## Exercise details
Copy out the data below. Leave nothing out and alter nothing.

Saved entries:
(* Let $q\in[0,1)$. A $\mathbb C^{n\times m}$-valued function $T$ analytic at the origin is $R_q$-cyclic if and only if there exist $N\in\mathbb N_0$ and matrices $(C_q,A_q,B_q)\in\mathbb C^{n\times N}\times\mathbb C^{N\times N}\times\mathbb C^{N\times m}$ such that, in a neighbourhood of the origin, \[ T(z)=C_q\prod_{j=0}^\infty\bigl(I_N-(1-q)zq^jA_q\bigr)^{-1}B_q . \]
   Context: For $q\in(0,1)$, $(R_qf)(z)=\frac{f(z)-f(qz)}{(1-q)z}$ (the $q$-Jackson derivative); $R_0$ is the backward shift $(R_0f)(z)=\frac{f(z)-f(0)}{z}$, $(R_0f)(0)=f'(0)$; these act entrywise. A matrix-valued function $T$ analytic at the origin is called $R_q$-cyclic if the linear span of the columns of the functions $R_q^\ell T$, $\ell=0,1,2,\ldots$, is finite dimensional. Convention $q^0=1$. *)

theory Defs
  imports "HOL-Analysis.Analysis" "HOL-Library.Function_Algebras"
    "Jordan_Normal_Form.Gauss_Jordan_Elimination"
begin

text \<open>The q-Jackson derivative for q in (0,1) and the backward shift for q = 0,
  unified: away from 0 it is (f z - f (q z)) / ((1-q) z); at 0 it is f'(0).\<close>
definition Rq :: "real \<Rightarrow> (complex \<Rightarrow> complex) \<Rightarrow> complex \<Rightarrow> complex" where
  "Rq q f z = (if z = 0 then deriv f 0
               else (f z - f (of_real q * z)) / (of_real (1 - q) * z))"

## Output for this task
(* Let $q\in[0,1)$. A $\mathbb C^{n\times m}$-valued function $T$ analytic at the origin is $R_q$-cyclic if and only if there exist $N\in\mathbb N_0$ and matrices $(C_q,A_q,B_q)\in\mathbb C^{n\times N}\times\mathbb C^{N\times N}\times\mathbb C^{N\times m}$ such that, in a neighbourhood of the origin, \[ T(z)=C_q\prod_{j=0}^\infty\bigl(I_N-(1-q)zq^jA_q\bigr)^{-1}B_q . \]
   Context: For $q\in(0,1)$, $(R_qf)(z)=\frac{f(z)-f(qz)}{(1-q)z}$ (the $q$-Jackson derivative); $R_0$ is the backward shift $(R_0f)(z)=\frac{f(z)-f(0)}{z}$, $(R_0f)(0)=f'(0)$; these act entrywise. A matrix-valued function $T$ analytic at the origin is called $R_q$-cyclic if the linear span of the columns of the functions $R_q^\ell T$, $\ell=0,1,2,\ldots$, is finite dimensional. Convention $q^0=1$. *)

theory Defs
  imports "HOL-Analysis.Analysis" "HOL-Library.Function_Algebras"
    "Jordan_Normal_Form.Gauss_Jordan_Elimination"
begin

text \<open>The q-Jackson derivative for q in (0,1) and the backward shift for q = 0,
  unified: away from 0 it is (f z - f (q z)) / ((1-q) z); at 0 it is f'(0).\<close>
definition Rq :: "real \<Rightarrow> (complex \<Rightarrow> complex) \<Rightarrow> complex \<Rightarrow> complex" where
  "Rq q f z = (if z = 0 then deriv f 0
               else (f z - f (of_real q * z)) / (of_real (1 - q) * z))"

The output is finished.